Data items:
↓

lemma AE_nonpos_on_msupport:
  fixes F :: "'g::t2_space \<Rightarrow> real"
  assumes "compact (UNIV :: 'g set)" and F: "continuous_on UNIV F" and "sets \<mu> = sets borel"
    and nonpos: "\<forall>x\<in>msupport \<mu>. F x \<le> 0"
  shows "AE x in \<mu>. F x \<le> 0"
proof (rule AE_I')
  define K where "K = (\<lambda>n::nat. {x. inverse (real (Suc n)) \<le> F x})"
  have "K n \<in> null_sets \<mu>" for n
  proof (rule compact_disjoint_msupport_null[OF _ _ assms(3)])
    have "closed (K n)" unfolding K_def by (intro closed_Collect_le continuous_on_const F)
    then show "compact (K n)" using compact_Int_closed[OF assms(1)] by fastforce
    have "False" if "x \<in> K n" "x \<in> msupport \<mu>" for x
    proof -
      have "inverse (real (Suc n)) \<le> F x" "F x \<le> 0" using that nonpos by (auto simp: K_def)
      moreover have "0 < inverse (real (Suc n))" by simp
      ultimately show False by linarith
    qed
    then show "K n \<inter> msupport \<mu> = {}" by blast
  qed
  then show "\<Union> (range K) \<in> null_sets \<mu>" by blast
  show "{x \<in> space \<mu>. \<not> F x \<le> 0} \<subseteq> \<Union> (range K)"
  proof safe
    fix x assume "\<not> F x \<le> 0"
    then obtain n where "inverse (real (Suc n)) < F x" using reals_Archimedean[of "F x"] by auto
    then show "x \<in> \<Union> (range K)" unfolding K_def by (auto intro: less_imp_le)
  qed
qed

lemma integral_nonpos_if_nonpos_on:
  fixes F :: "'g::t2_space \<Rightarrow> real"
  assumes "compact (UNIV :: 'g set)" and F: "continuous_on UNIV F" and "sets \<mu> = sets borel"
    and "msupport \<mu> \<subseteq> closure S" and "\<forall>x\<in>S. F x \<le> 0"
  shows "integral\<^sup>L \<mu> F \<le> 0"
proof -
  have "closure S \<subseteq> {x. F x \<le> 0}"
    using assms(5) by (intro closure_minimal) (auto intro: closed_Collect_le F continuous_on_const)
  then have "AE x in \<mu>. F x \<le> 0"
    using AE_nonpos_on_msupport[OF assms(1-3)] assms(4) by blast
  then have "0 \<le> integral\<^sup>L \<mu> (\<lambda>x. - F x)" by (intro integral_nonneg_AE) auto
  then show ?thesis by simp
qed

lemma continuous_on_mtrace_mult_transpose:
  fixes \<rho> :: "'g::topological_space \<Rightarrow> complex mat"
  assumes "\<And>g. \<rho> g \<in> carrier_mat n n" and "X \<in> carrier_mat n n"
    and "\<And>j k. j < n \<Longrightarrow> k < n \<Longrightarrow> continuous_on UNIV (\<lambda>g. \<rho> g $$ (j, k))"
  shows "continuous_on UNIV (\<lambda>g. mtrace (\<rho> g * transpose_mat X))"
proof -
  have "continuous_on UNIV (\<lambda>g. \<Sum>j<n. \<Sum>k<n. \<rho> g $$ (j, k) * X $$ (j, k))"
    by (auto intro!: continuous_intros assms(3))
  then show ?thesis by (simp add: mtrace_mult_transpose[OF assms(1,2)])
qed

lemma integral_mtrace_mult_transpose:
  assumes "\<And>g. \<rho> g \<in> carrier_mat n n" and "X \<in> carrier_mat n n"
    and "\<And>j k. j < n \<Longrightarrow> k < n \<Longrightarrow> integrable \<mu> (\<lambda>g. \<rho> g $$ (j, k))"
  shows "integral\<^sup>L \<mu> (\<lambda>g. mtrace (\<rho> g * transpose_mat X))
    = mtrace (fourier_coeff \<mu> n \<rho> * transpose_mat X)"
proof -
  have "integral\<^sup>L \<mu> (\<lambda>g. \<Sum>j<n. \<Sum>k<n. \<rho> g $$ (j, k) * X $$ (j, k))
      = (\<Sum>j<n. \<Sum>k<n. integral\<^sup>L \<mu> (\<lambda>g. \<rho> g $$ (j, k)) * X $$ (j, k))"
  proof (subst Bochner_Integration.integral_sum)
    show "integrable \<mu> (\<lambda>g. \<Sum>k<n. \<rho> g $$ (j, k) * X $$ (j, k))" if "j \<in> {..<n}" for j
      using that by (auto intro!: assms(3))
  qed (auto intro!: sum.cong simp: assms(3) Bochner_Integration.integral_sum)
  then show ?thesis
    using assms(2)
    by (simp add: mtrace_mult_transpose[OF assms(1,2)] mtrace_mult_transpose[OF _ assms(2)] fourier_coeff_def)
qed

lemma integral_trace_constraint_nonpos:
  fixes \<pi> :: "nat \<Rightarrow> 'g::t2_space \<Rightarrow> complex mat"
  assumes "compact (UNIV :: 'g set)" and prob: "prob_space \<mu>" and borel: "sets \<mu> = sets borel"
    and supp: "msupport \<mu> \<subseteq> closure S"
    and carrier: "\<And>i g. i \<in> I \<Longrightarrow> \<pi> i g \<in> carrier_mat (d i) (d i)"
    and cont: "\<And>i j k. i \<in> I \<Longrightarrow> j < d i \<Longrightarrow> k < d i \<Longrightarrow> continuous_on UNIV (\<lambda>g. \<pi> i g $$ (j, k))"
    and X: "\<And>i. i \<in> I \<Longrightarrow> X i \<in> carrier_mat (d i) (d i)"
    and feasible: "\<forall>g\<in>S. Re (1 + (\<Sum>i\<in>I. mtrace (\<pi> i g * transpose_mat (X i)))) \<le> 0"
  shows "Re (1 + (\<Sum>i\<in>I. mtrace (fourier_coeff \<mu> (d i) (\<pi> i) * transpose_mat (X i)))) \<le> 0"
proof -
  define f where "f = (\<lambda>g. 1 + (\<Sum>i\<in>I. mtrace (\<pi> i g * transpose_mat (X i))))"
  have fin: "finite_measure \<mu>" using prob by (simp add: prob_space_def)
  note integrable = integrable_continuous_compact_space[OF assms(1) _ fin borel]
  have cont_trace: "continuous_on UNIV (\<lambda>g. mtrace (\<pi> i g * transpose_mat (X i)))" if "i \<in> I" for i
    by (rule continuous_on_mtrace_mult_transpose[OF carrier[OF that] X[OF that] cont[OF that]])
  then have "continuous_on UNIV f" unfolding f_def by (intro continuous_intros) auto
  have "integral\<^sup>L \<mu> f = 1 + (\<Sum>i\<in>I. integral\<^sup>L \<mu> (\<lambda>g. mtrace (\<pi> i g * transpose_mat (X i))))"
    unfolding f_def using prob cont_trace
    by (simp add: integrable Bochner_Integration.integral_sum prob_space.prob_space)
  also have "\<dots> = 1 + (\<Sum>i\<in>I. mtrace (fourier_coeff \<mu> (d i) (\<pi> i) * transpose_mat (X i)))"
    using integral_mtrace_mult_transpose[OF carrier X integrable[OF cont]] by simp
  finally have "Re (integral\<^sup>L \<mu> f) = Re (1 + (\<Sum>i\<in>I. mtrace (fourier_coeff \<mu> (d i) (\<pi> i) * transpose_mat (X i))))"
    by simp
  moreover have "integral\<^sup>L \<mu> (\<lambda>g. Re (f g)) \<le> 0"
    using integral_nonpos_if_nonpos_on[OF assms(1) continuous_on_Re[OF \<open>continuous_on UNIV f\<close>] borel supp]
      feasible unfolding f_def by blast
  ultimately show ?thesis
    using integrable[OF \<open>continuous_on UNIV f\<close>] by simp
qed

↑

**Task requirements:** Retype the data in full, and keep every line identical to the original.

**Exercise answer:**
lemma AE_nonpos_on_msupport:
  fixes F :: "'g::t2_space \<Rightarrow> real"
  assumes "compact (UNIV :: 'g set)" and F: "continuous_on UNIV F" and "sets \<mu> = sets borel"
    and nonpos: "\<forall>x\<in>msupport \<mu>. F x \<le> 0"
  shows "AE x in \<mu>. F x \<le> 0"
proof (rule AE_I')
  define K where "K = (\<lambda>n::nat. {x. inverse (real (Suc n)) \<le> F x})"
  have "K n \<in> null_sets \<mu>" for n
  proof (rule compact_disjoint_msupport_null[OF _ _ assms(3)])
    have "closed (K n)" unfolding K_def by (intro closed_Collect_le continuous_on_const F)
    then show "compact (K n)" using compact_Int_closed[OF assms(1)] by fastforce
    have "False" if "x \<in> K n" "x \<in> msupport \<mu>" for x
    proof -
      have "inverse (real (Suc n)) \<le> F x" "F x \<le> 0" using that nonpos by (auto simp: K_def)
      moreover have "0 < inverse (real (Suc n))" by simp
      ultimately show False by linarith
    qed
    then show "K n \<inter> msupport \<mu> = {}" by blast
  qed
  then show "\<Union> (range K) \<in> null_sets \<mu>" by blast
  show "{x \<in> space \<mu>. \<not> F x \<le> 0} \<subseteq> \<Union> (range K)"
  proof safe
    fix x assume "\<not> F x \<le> 0"
    then obtain n where "inverse (real (Suc n)) < F x" using reals_Archimedean[of "F x"] by auto
    then show "x \<in> \<Union> (range K)" unfolding K_def by (auto intro: less_imp_le)
  qed
qed

lemma integral_nonpos_if_nonpos_on:
  fixes F :: "'g::t2_space \<Rightarrow> real"
  assumes "compact (UNIV :: 'g set)" and F: "continuous_on UNIV F" and "sets \<mu> = sets borel"
    and "msupport \<mu> \<subseteq> closure S" and "\<forall>x\<in>S. F x \<le> 0"
  shows "integral\<^sup>L \<mu> F \<le> 0"
proof -
  have "closure S \<subseteq> {x. F x \<le> 0}"
    using assms(5) by (intro closure_minimal) (auto intro: closed_Collect_le F continuous_on_const)
  then have "AE x in \<mu>. F x \<le> 0"
    using AE_nonpos_on_msupport[OF assms(1-3)] assms(4) by blast
  then have "0 \<le> integral\<^sup>L \<mu> (\<lambda>x. - F x)" by (intro integral_nonneg_AE) auto
  then show ?thesis by simp
qed

lemma continuous_on_mtrace_mult_transpose:
  fixes \<rho> :: "'g::topological_space \<Rightarrow> complex mat"
  assumes "\<And>g. \<rho> g \<in> carrier_mat n n" and "X \<in> carrier_mat n n"
    and "\<And>j k. j < n \<Longrightarrow> k < n \<Longrightarrow> continuous_on UNIV (\<lambda>g. \<rho> g $$ (j, k))"
  shows "continuous_on UNIV (\<lambda>g. mtrace (\<rho> g * transpose_mat X))"
proof -
  have "continuous_on UNIV (\<lambda>g. \<Sum>j<n. \<Sum>k<n. \<rho> g $$ (j, k) * X $$ (j, k))"
    by (auto intro!: continuous_intros assms(3))
  then show ?thesis by (simp add: mtrace_mult_transpose[OF assms(1,2)])
qed

lemma integral_mtrace_mult_transpose:
  assumes "\<And>g. \<rho> g \<in> carrier_mat n n" and "X \<in> carrier_mat n n"
    and "\<And>j k. j < n \<Longrightarrow> k < n \<Longrightarrow> integrable \<mu> (\<lambda>g. \<rho> g $$ (j, k))"
  shows "integral\<^sup>L \<mu> (\<lambda>g. mtrace (\<rho> g * transpose_mat X))
    = mtrace (fourier_coeff \<mu> n \<rho> * transpose_mat X)"
proof -
  have "integral\<^sup>L \<mu> (\<lambda>g. \<Sum>j<n. \<Sum>k<n. \<rho> g $$ (j, k) * X $$ (j, k))
      = (\<Sum>j<n. \<Sum>k<n. integral\<^sup>L \<mu> (\<lambda>g. \<rho> g $$ (j, k)) * X $$ (j, k))"
  proof (subst Bochner_Integration.integral_sum)
    show "integrable \<mu> (\<lambda>g. \<Sum>k<n. \<rho> g $$ (j, k) * X $$ (j, k))" if "j \<in> {..<n}" for j
      using that by (auto intro!: assms(3))
  qed (auto intro!: sum.cong simp: assms(3) Bochner_Integration.integral_sum)
  then show ?thesis
    using assms(2)
    by (simp add: mtrace_mult_transpose[OF assms(1,2)] mtrace_mult_transpose[OF _ assms(2)] fourier_coeff_def)
qed

lemma integral_trace_constraint_nonpos:
  fixes \<pi> :: "nat \<Rightarrow> 'g::t2_space \<Rightarrow> complex mat"
  assumes "compact (UNIV :: 'g set)" and prob: "prob_space \<mu>" and borel: "sets \<mu> = sets borel"
    and supp: "msupport \<mu> \<subseteq> closure S"
    and carrier: "\<And>i g. i \<in> I \<Longrightarrow> \<pi> i g \<in> carrier_mat (d i) (d i)"
    and cont: "\<And>i j k. i \<in> I \<Longrightarrow> j < d i \<Longrightarrow> k < d i \<Longrightarrow> continuous_on UNIV (\<lambda>g. \<pi> i g $$ (j, k))"
    and X: "\<And>i. i \<in> I \<Longrightarrow> X i \<in> carrier_mat (d i) (d i)"
    and feasible: "\<forall>g\<in>S. Re (1 + (\<Sum>i\<in>I. mtrace (\<pi> i g * transpose_mat (X i)))) \<le> 0"
  shows "Re (1 + (\<Sum>i\<in>I. mtrace (fourier_coeff \<mu> (d i) (\<pi> i) * transpose_mat (X i)))) \<le> 0"
proof -
  define f where "f = (\<lambda>g. 1 + (\<Sum>i\<in>I. mtrace (\<pi> i g * transpose_mat (X i))))"
  have fin: "finite_measure \<mu>" using prob by (simp add: prob_space_def)
  note integrable = integrable_continuous_compact_space[OF assms(1) _ fin borel]
  have cont_trace: "continuous_on UNIV (\<lambda>g. mtrace (\<pi> i g * transpose_mat (X i)))" if "i \<in> I" for i
    by (rule continuous_on_mtrace_mult_transpose[OF carrier[OF that] X[OF that] cont[OF that]])
  then have "continuous_on UNIV f" unfolding f_def by (intro continuous_intros) auto
  have "integral\<^sup>L \<mu> f = 1 + (\<Sum>i\<in>I. integral\<^sup>L \<mu> (\<lambda>g. mtrace (\<pi> i g * transpose_mat (X i))))"
    unfolding f_def using prob cont_trace
    by (simp add: integrable Bochner_Integration.integral_sum prob_space.prob_space)
  also have "\<dots> = 1 + (\<Sum>i\<in>I. mtrace (fourier_coeff \<mu> (d i) (\<pi> i) * transpose_mat (X i)))"
    using integral_mtrace_mult_transpose[OF carrier X integrable[OF cont]] by simp
  finally have "Re (integral\<^sup>L \<mu> f) = Re (1 + (\<Sum>i\<in>I. mtrace (fourier_coeff \<mu> (d i) (\<pi> i) * transpose_mat (X i))))"
    by simp
  moreover have "integral\<^sup>L \<mu> (\<lambda>g. Re (f g)) \<le> 0"
    using integral_nonpos_if_nonpos_on[OF assms(1) continuous_on_Re[OF \<open>continuous_on UNIV f\<close>] borel supp]
      feasible unfolding f_def by blast
  ultimately show ?thesis
    using integrable[OF \<open>continuous_on UNIV f\<close>] by simp
qed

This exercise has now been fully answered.